STUDY OBJECTIVE:Actigraphy, a method of inferring sleep from the presence or absence of wrist movement, has been well validated against polysomnography in trials with people without insomnia. However, the small amount of literature on validation with insomniacs has revealed an actigraphy bias toward overscoring sleep. The current validation trial with insomniacs used the largest number of subjects to date in such research and attracted participants with diverse demographic characteristics.
DESIGN:People with insomnia slept 1 night in the laboratory while simultaneously being monitored by polysomnography, actigraphy (high-sensitivity algorithm of the Mini Mitter AW64 Actiwatch), and morning sleep diary.
SETTING:Sleep disorders center.
PARTICIPANTS:Participants were 57 volunteers from the community, 26 men and 31 women, ranging in age from 21 to 87 years.
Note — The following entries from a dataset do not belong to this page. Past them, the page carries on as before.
lemma min_cover_with_margins:
  assumes "\<And>b. b \<in> set h \<Longrightarrow> f b \<noteq> [] \<and> length (f b) \<le> K"
    and "morph_word f h = P @ w @ S" and "w \<noteq> []"
  shows "\<exists>hp v hs. h = hp @ v @ hs \<and> min_cover f v w
     \<and> length P < K * Suc (length hp) \<and> length S < K * Suc (length hs)"
proof -
  obtain hp v hs \<alpha> \<beta> where cover: "h = hp @ v @ hs" "morph_word f v = \<alpha> @ w @ \<beta>"
    "length \<alpha> < length (f (hd v))" "length \<beta> < length (f (last v))"
    "P = morph_word f hp @ \<alpha>" "S = \<beta> @ morph_word f hs"
    using min_cover_exists[of h f P w S] assms by blast
  have "v \<noteq> []" using cover(2) assms(3) by auto
  then have "length \<alpha> < K" "length \<beta> < K"
    using cover(1,3,4) assms(1)[of "hd v"] assms(1)[of "last v"] by auto
  moreover have "length (morph_word f hp) \<le> K * length hp" "length (morph_word f hs) \<le> K * length hs"
    using cover(1) assms(1) by (auto intro!: length_morph_word_le)
  ultimately have "length P < K * Suc (length hp)" "length S < K * Suc (length hs)"
    using cover(5,6) by auto
  with cover(1-4) show ?thesis unfolding min_cover_def by blast
qed
lemma sum_Zset_cis2pi:
  assumes b: "prime b"
  shows "(\<Sum>z\<in>Zset b m w. cis2pi (of_int D * real (b ^ w * z) / real (b ^ m)))
    = of_real (Zset_char_sum b m w D)"
proof (cases "m \<le> w")
  case True
  have "b ^ w = b ^ m * b ^ (w - m)"
    using True by (simp flip: power_add)
  then have "of_int D * real (b ^ w) / real (b ^ m) = of_int (D * int (b ^ (w - m)))"
    using b by (simp add: prime_gt_0_nat)
  then have "cis2pi (of_int D * real (b ^ w) / real (b ^ m)) = 1"
    by (simp only: cis2pi_of_int)
  then show ?thesis
    using True by (simp add: Zset_def Zset_char_sum_def)
next
  case False
  then have w: "w < m" by simp
  have b1: "b > 1" using b prime_gt_1_nat by blast
  define n' where "n' = b ^ (m - w - 1)"
  define n where "n = b * n'"
  have n_eq: "b ^ (m - w) = n"
    using w unfolding n_def n'_def by (simp flip: power_Suc add: Suc_diff_Suc)
  have n': "n' > 0" and n: "n > 0" using b1 by (simp_all add: n_def n'_def)
  have scale: "of_int D * real (b ^ w * z) / real (b ^ m) = real z * of_int D / real n" for z
  proof -
    have "b ^ m = b ^ w * n" using w by (simp flip: n_eq power_add)
    then show ?thesis using b1 by (simp add: field_simps)
  qed
  have multiples: "{z \<in> {..<n}. b dvd z} = (\<lambda>z'. b * z') ` {..<n'}"
    using b1 by (auto simp: n_def elim!: dvdE)
  have "(\<Sum>z\<in>Zset b m w. cis2pi (of_int D * real (b ^ w * z) / real (b ^ m)))
      = (\<Sum>z<n. cis2pi (real z * of_int D / real n))
        - (\<Sum>z\<in>{z \<in> {..<n}. b dvd z}. cis2pi (real z * of_int D / real n))"
    unfolding scale Zset_eq_non_multiples[OF b w] n_eq by (subst sum_diff[symmetric]) (auto intro: sum.cong)
  also have "(\<Sum>z\<in>{z \<in> {..<n}. b dvd z}. cis2pi (real z * of_int D / real n))
      = (\<Sum>z'<n'. cis2pi (real z' * of_int D / real n'))"
    unfolding multiples using b1 by (subst sum.reindex) (auto simp: inj_on_def n_def)
  also have "(\<Sum>z<n. cis2pi (real z * of_int D / real n)) - \<dots>
      = (if int n dvd D then of_nat n else 0) - (if int n' dvd D then of_nat n' else 0)"
    using n' b1 by (simp only: sum_cis2pi_roots_of_unity[OF n] sum_cis2pi_roots_of_unity[OF n'])
  also have "\<dots> = of_real (Zset_char_sum b m w D)"
    using w by (simp add: Zset_char_sum_def n'_def flip: n_eq)
  finally show ?thesis .
qed
(* The set Ghost World $\mathrm{GW}$ of bipartite correlations is closed under wirings: for any finite collection of boxes $P_1,\dots,P_n\in\mathrm{GW}$ and any pair of wirings $\mathcal{W}_A,\mathcal{W}_B$, the wired box $\mathcal{W}_A\otimes\mathcal{W}_B(\otimes_{i=1}^nP_i)$ belongs to $\mathrm{GW}$.
   Context: A bipartite box is a conditional distribution $P(a,b|x,y)$ with finite input alphabets $\mathcal{X},\mathcal{Y}$ and finite output alphabets $\mathcal{A},\mathcal{B}$; tripartite boxes $P(a_1,a_2,a_3|x_1,x_2,x_3)$ are defined analogously. A multipartite box is no-signalling if, for every party, summing over that party's output gives a result independent of that party's input. Ghost World: a bipartite box $P(a,b|x,y)$ belongs to $\mathrm{GW}$ iff there exist no-signalling tripartite boxes $P_A(a,a',b|x,x',y)$ (with $a,a'\in\mathcal{A}$, $x,x'\in\mathcal{X}$) and $P_B(a,b,b'|x,y,y')$ (with $b,b'\in\mathcal{B}$, $y,y'\in\mathcal{Y}$) such that (1) $P_A$ is invariant under exchanging its first two parties, i.e. $P_A(a,a',b|x,x',y)=P_A(a',a,b|x',x,y)$, and $P_B$ is invariant under exchanging its last two parties, i.e. $P_B(a,b,b'|x,y,y')=P_B(a,b',b|x,y',y)$; (2) $P(a,b|x,y)=\sum_{a'}P_A(a,a',b|x,x',y)=\sum_{b'}P_B(a,b,b'|x,y,y')$ for all $x',y'$. ($\mathrm{GW}$ is considered in every bipartite Bell scenario.) Wirings: given $n$ bipartite boxes $P_1,\dots,P_n$ (each in some bipartite Bell scenario), with Alice holding the first side of each and Bob the second, and a target scenario $(\mathcal{X}',\mathcal{Y}',\mathcal{A}',\mathcal{B}')$, a (deterministic) wiring $\mathcal{W}_A$ for Alice is a procedure that, on effective input $x'\in\mathcal{X}'$, sequentially chooses a not-yet-used box $i$ and an input for Alice's side of that box and receives the output, where each choice is a function of $x'$ and all previous boxes, inputs and outputs; finally it outputs $a'\in\mathcal{A}'$ as a function of $x'$ and the full history. Bob's wiring $\mathcal{W}_B$ is analogous. Using the boxes independently this defines the box $\mathcal{W}_A\otimes\mathcal{W}_B(\otimes_{i=1}^nP_i)(a',b'|x',y')$. *)

theory Defs
  imports Complex_Main "HOL-Library.FuncSet"
begin
(* Let $\beta>1$. Then $m^0_\beta=m^{**}_\beta=\frac{1}{2(1+\beta)}S^2$, where $m^0_\beta=\inf_{\mathcal M^*_\beta}\mathcal E_\beta$ and $m^{**}_\beta=\inf_{\mathcal N^*_\beta}\mathcal E_\beta$.
   Context: $\mathcal D:=D^{1,2}(\mathbb R^4)\times D^{1,2}(\mathbb R^4)$, $\mathcal E_\beta(u,v)=\frac12\|\nabla u\|_{L^2}^2+\frac12\|\nabla v\|_{L^2}^2-\frac14\big(\|u\|_{L^4}^4+\|v\|_{L^4}^4+2\beta\|u^2v^2\|_{L^1}\big)$ on $\mathcal D$. $\mathcal M^*_\beta=\{(u,v)\in\mathcal D\setminus\{(0,0)\}:\langle\mathcal E_\beta'(u,v),(u,v)\rangle=0\}$, $\mathcal N^*_\beta=\{(u,v)\in\mathcal D:u\ne0,v\ne0,\ \langle\mathcal E'_\beta(u,v),(u,0)\rangle=\langle\mathcal E'_\beta(u,v),(0,v)\rangle=0\}$. $S=\inf\{\|\nabla u\|_2^2:u\in D^{1,2}(\mathbb R^4),\|u\|_4=1\}$. *)

theory Defs
  imports "HOL-Analysis.Analysis"
begin

type_synonym R4 = "real ^ 4"

definition pd :: "4 \<Rightarrow> (R4 \<Rightarrow> real) \<Rightarrow> R4 \<Rightarrow> real" where
  "pd i f x = frechet_derivative f (at x) (axis i 1)"

fun pderivs :: "4 list \<Rightarrow> (R4 \<Rightarrow> real) \<Rightarrow> R4 \<Rightarrow> real" where
  "pderivs [] f = f"
| "pderivs (i # is) f = pd i (pderivs is f)"

definition smooth :: "(R4 \<Rightarrow> real) \<Rightarrow> bool" where
  "smooth f \<longleftrightarrow> (\<forall>is x. pderivs is f differentiable (at x))"

definition test_fn :: "(R4 \<Rightarrow> real) \<Rightarrow> bool" where
  "test_fn \<phi> \<longleftrightarrow> smooth \<phi> \<and> compact (closure {x. \<phi> x \<noteq> 0})"

definition weak_grad :: "(R4 \<Rightarrow> real) \<Rightarrow> (R4 \<Rightarrow> R4) \<Rightarrow> bool" where
  "weak_grad u G \<longleftrightarrow> G \<in> borel_measurable lebesgue \<and>
     (\<forall>\<phi> i. test_fn \<phi> \<longrightarrow>
        (LINT x|lebesgue. u x * pd i \<phi> x) = - (LINT x|lebesgue. G x $ i * \<phi> x))"

text \<open>D^{1,2}(R^4) = {u in L^4(R^4) : weak gradient in L^2} (2^* = 4 for N = 4).\<close>
definition D12 :: "(R4 \<Rightarrow> real) \<Rightarrow> bool" where
  "D12 u \<longleftrightarrow> u \<in> borel_measurable lebesgue \<and> integrable lebesgue (\<lambda>x. (u x) ^ 4) \<and>
     (\<exists>G. weak_grad u G \<and> integrable lebesgue (\<lambda>x. (norm (G x))\<^sup>2))"

definition grad :: "(R4 \<Rightarrow> real) \<Rightarrow> R4 \<Rightarrow> R4" where
  "grad u = (SOME G. weak_grad u G \<and> integrable lebesgue (\<lambda>x. (norm (G x))\<^sup>2))"

definition dir :: "(R4 \<Rightarrow> real) \<Rightarrow> real" where
  "dir u = (LINT x|lebesgue. (norm (grad u x))\<^sup>2)"

definition L4p :: "(R4 \<Rightarrow> real) \<Rightarrow> real" where
  "L4p u = (LINT x|lebesgue. (u x) ^ 4)"

definition cross :: "(R4 \<Rightarrow> real) \<Rightarrow> (R4 \<Rightarrow> real) \<Rightarrow> real" where
  "cross u v = (LINT x|lebesgue. (u x)\<^sup>2 * (v x)\<^sup>2)"

text \<open>u \<noteq> 0 as an element of D^{1,2} (not a.e. zero).\<close>
definition nonzero :: "(R4 \<Rightarrow> real) \<Rightarrow> bool" where
  "nonzero u \<longleftrightarrow> \<not> (AE x in lebesgue. u x = 0)"

definition energy :: "real \<Rightarrow> (R4 \<Rightarrow> real) \<Rightarrow> (R4 \<Rightarrow> real) \<Rightarrow> real" where
  "energy \<beta> u v = dir u / 2 + dir v / 2 - (L4p u + L4p v + 2 * \<beta> * cross u v) / 4"

text \<open>The Nehari-type sets; the pairings with E' are written out explicitly.\<close>
definition Mstar :: "real \<Rightarrow> ((R4 \<Rightarrow> real) \<times> (R4 \<Rightarrow> real)) set" where
  "Mstar \<beta> = {(u, v). D12 u \<and> D12 v \<and> (nonzero u \<or> nonzero v) \<and>
      dir u + dir v - L4p u - L4p v - 2 * \<beta> * cross u v = 0}"

definition Nstar :: "real \<Rightarrow> ((R4 \<Rightarrow> real) \<times> (R4 \<Rightarrow> real)) set" where
  "Nstar \<beta> = {(u, v). D12 u \<and> D12 v \<and> nonzero u \<and> nonzero v \<and>
      dir u - L4p u - \<beta> * cross u v = 0 \<and> dir v - L4p v - \<beta> * cross u v = 0}"

definition m0 :: "real \<Rightarrow> real" where
  "m0 \<beta> = Inf ((\<lambda>(u, v). energy \<beta> u v) ` Mstar \<beta>)"

definition m2star :: "real \<Rightarrow> real" where
  "m2star \<beta> = Inf ((\<lambda>(u, v). energy \<beta> u v) ` Nstar \<beta>)"

text \<open>Best Sobolev constant; \<parallel>u\<parallel>_4 = 1 iff \<parallel>u\<parallel>_4^4 = 1.\<close>
definition Sob :: real where
  "Sob = Inf {dir u | u. D12 u \<and> L4p u = 1}"

end

theory Submission
  imports Defs "HOL-Computational_Algebra.Polynomial"
begin

text \<open>On \<open>M\<^sup>*\<close> the energy is \<open>(\<parallel>\<nabla>u\<parallel>\<^sub>2\<^sup>2 + \<parallel>\<nabla>v\<parallel>\<^sub>2\<^sup>2) / 4\<close>. With \<open>p = \<parallel>u\<parallel>\<^sub>4\<^sup>2\<close> and \<open>q = \<parallel>v\<parallel>\<^sub>4\<^sup>2\<close>,
  the definition of \<open>S\<close> gives \<open>\<parallel>\<nabla>u\<parallel>\<^sub>2\<^sup>2 + \<parallel>\<nabla>v\<parallel>\<^sub>2\<^sup>2 \<ge> S (p + q)\<close>, while the constraint and Cauchy-Schwarz
  give \<open>\<parallel>\<nabla>u\<parallel>\<^sub>2\<^sup>2 + \<parallel>\<nabla>v\<parallel>\<^sub>2\<^sup>2 \<le> p\<^sup>2 + q\<^sup>2 + 2\<beta> p q \<le> (1 + \<beta>) (p + q)\<^sup>2 / 2\<close> for \<open>\<beta> \<ge> 1\<close>; together
  \<open>E\<^sub>\<beta> \<ge> S\<^sup>2 / (2 (1 + \<beta>))\<close> on \<open>M\<^sup>*\<close>. Since \<open>N\<^sup>* \<subseteq> M\<^sup>*\<close>, \<open>m\<^sup>0 \<le> m\<^sup>*\<^sup>*\<close>. Conversely, the synchronized pair
  \<open>(t z, t z)\<close> lies on \<open>N\<^sup>*\<close> for a suitable \<open>t\<close> and has energy \<open>\<parallel>\<nabla>z\<parallel>\<^sub>2\<^sup>4 / (2 (1 + \<beta>) \<parallel>z\<parallel>\<^sub>4\<^sup>4)\<close>,
  which tends to \<open>S\<^sup>2 / (2 (1 + \<beta>))\<close> along a minimizing sequence for \<open>S\<close>.

  Since the energy is defined through a chosen weak gradient, the analytic input is that weak
  gradients are unique almost everywhere (bump functions approximate indicators of boxes), so that
  \<open>\<parallel>\<nabla>\<cdot>\<parallel>\<^sub>2\<close> scales and adds as expected, together with a bump function as a nonzero element of
  \<open>D\<^sup>1\<^sup>,\<^sup>2\<close>.\<close>

section \<open>Smooth functions generated by \<open>exp (-1/t)\<close>\<close>

lemma poly_times_exp_minus_tendsto_0: "((\<lambda>x::real. poly q x * exp (- x)) \<longlongrightarrow> 0) at_top"
proof -
  have "((\<lambda>x::real. \<Sum>i\<le>degree q. coeff q i * (x ^ i / exp x)) \<longlongrightarrow> (\<Sum>i\<le>degree q. coeff q i * 0)) at_top"
    by (intro tendsto_sum tendsto_mult tendsto_const tendsto_power_div_exp_0)
  then show ?thesis
    by (simp add: poly_altdef exp_minus field_simps sum_divide_distrib)
qed

lemma poly_inverse_times_exp_tendsto_0:
  "((\<lambda>t::real. poly q (1/t) * exp (- (1/t))) \<longlongrightarrow> 0) (at_right 0)"
proof -
  have "filterlim (\<lambda>t::real. 1/t) at_top (at_right 0)"
    using filterlim_inverse_at_top_right by (simp add: inverse_eq_divide)
  from filterlim_compose[OF poly_times_exp_minus_tendsto_0 this] show ?thesis by simp
qed

text \<open>\<open>flat_deriv n\<close> is the \<open>n\<close>-th derivative of \<open>exp (-1/t)\<close>, extended by \<open>0\<close> to \<open>t \<le> 0\<close>;
  differentiating \<open>P(1/t) exp (-1/t)\<close> gives the recursion for \<open>flat_poly\<close>.\<close>

fun flat_poly :: "nat \<Rightarrow> real poly" where
  "flat_poly 0 = 1"
| "flat_poly (Suc n) = [:0, 0, 1:] * (flat_poly n - pderiv (flat_poly n))"

definition flat_deriv :: "nat \<Rightarrow> real \<Rightarrow> real" where
  "flat_deriv n t = (if t > 0 then poly (flat_poly n) (1/t) * exp (- (1/t)) else 0)"

lemma flat_deriv_0: "flat_deriv 0 t = (if t > 0 then exp (- (1/t)) else 0)"
  by (simp add: flat_deriv_def)

lemma flat_deriv_has_real_derivative_at_0: "(flat_deriv n has_real_derivative flat_deriv (Suc n) 0) (at 0)"
proof -
  let ?q = "\<lambda>t. (flat_deriv n t - flat_deriv n 0) / (t - 0)"
  have "((\<lambda>t. poly ([:0, 1:] * flat_poly n) (1/t) * exp (- (1/t))) \<longlongrightarrow> 0) (at_right 0)"
    by (rule poly_inverse_times_exp_tendsto_0)
  then have "(?q \<longlongrightarrow> 0) (at_right 0)"
    by (rule Lim_transform_eventually)
       (auto simp: flat_deriv_def intro!: eventually_mono[OF eventually_at_right_less])
  moreover have "(?q \<longlongrightarrow> 0) (at_left 0)"
    by (rule Lim_transform_eventually[where f="\<lambda>_. 0"])
       (auto simp: flat_deriv_def intro!: eventually_mono[OF eventually_at_left_real[of "-1" 0]])
  ultimately have "(?q \<longlongrightarrow> 0) (at 0)"
    by (rule filterlim_split_at[rotated])
  then show ?thesis by (simp add: has_field_derivative_iff flat_deriv_def)
qed

lemma flat_deriv_has_real_derivative: "(flat_deriv n has_real_derivative flat_deriv (Suc n) t) (at t)"
proof -
  consider "t > 0" | "t < 0" | "t = 0" by linarith
  then show ?thesis
  proof cases
    case 1
    let ?P = "flat_poly n"
    have "((\<lambda>t. poly ?P (1/t) * exp (- (1/t))) has_real_derivative
        poly (pderiv ?P) (1/t) * (- 1/t\<^sup>2) * exp (- (1/t)) + poly ?P (1/t) * (exp (- (1/t)) * (1/t\<^sup>2))) (at t)"
      using 1 by (auto intro!: derivative_eq_intros DERIV_chain2[OF poly_DERIV]
          simp: power2_eq_square field_simps)
    also have "poly (pderiv ?P) (1/t) * (- 1/t\<^sup>2) * exp (- (1/t)) + poly ?P (1/t) * (exp (- (1/t)) * (1/t\<^sup>2))
        = flat_deriv (Suc n) t"
      using 1 by (simp add: flat_deriv_def algebra_simps power2_eq_square)
    finally show ?thesis
      by (rule has_field_derivative_transform_within_open[where S="{0<..}"])
         (use 1 in \<open>auto simp: flat_deriv_def\<close>)
  next
    case 2
    have "((\<lambda>_. 0) has_real_derivative flat_deriv (Suc n) t) (at t)"
      using 2 by (simp add: flat_deriv_def)
    then show ?thesis
      by (rule has_field_derivative_transform_within_open[where S="{..<0}"])
         (use 2 in \<open>auto simp: flat_deriv_def\<close>)
  next
    case 3
    then show ?thesis using flat_deriv_has_real_derivative_at_0 by simp
  qed
qed

text \<open>Closure under \<open>pd\<close> makes this algebra a supply of smooth functions without any general
  \<open>C\<^sup>\<infinity>\<close> calculus.\<close>

inductive_set ridge_alg :: "(R4 \<Rightarrow> real) set" where
  ridge: "(\<lambda>x. flat_deriv n (c * x $ k + d)) \<in> ridge_alg"
| const: "(\<lambda>x. c) \<in> ridge_alg"
| add: "f \<in> ridge_alg \<Longrightarrow> g \<in> ridge_alg \<Longrightarrow> (\<lambda>x. f x + g x) \<in> ridge_alg"
| mult: "f \<in> ridge_alg \<Longrightarrow> g \<in> ridge_alg \<Longrightarrow> (\<lambda>x. f x * g x) \<in> ridge_alg"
All participants satisfied conservative criteria for insomnia. The sample included subjects with primary insomnia, subjects with comorbid insomnia, and hypnotic users with current insomnia complaints.
INTERVENTIONS:N/A.
MEASUREMENTS AND RESULTS:Actigraphy was successfully validated on 4 measures of sleep pattern--number of awakenings, wake time after sleep onset, total sleep time, and sleep efficiency percentage--based on nonsignificant mean differences and significant correlation between actigraphy and polysomnography. Sleep-onset latency with actigraphy was not significantly different from polysomnography but was weakly correlated with polysomnography. Hypnotic use contributed to actigraphic overscoring of sleep.
CONCLUSIONS:Actigraphy proved to be a satisfactory objective measure of sleep on 4 of 5 sleep parameters, but these results are specific to this particular instrument using this particular algorithm and should not be construed as a blanket endorsement of actigraphy for measuring insomnia.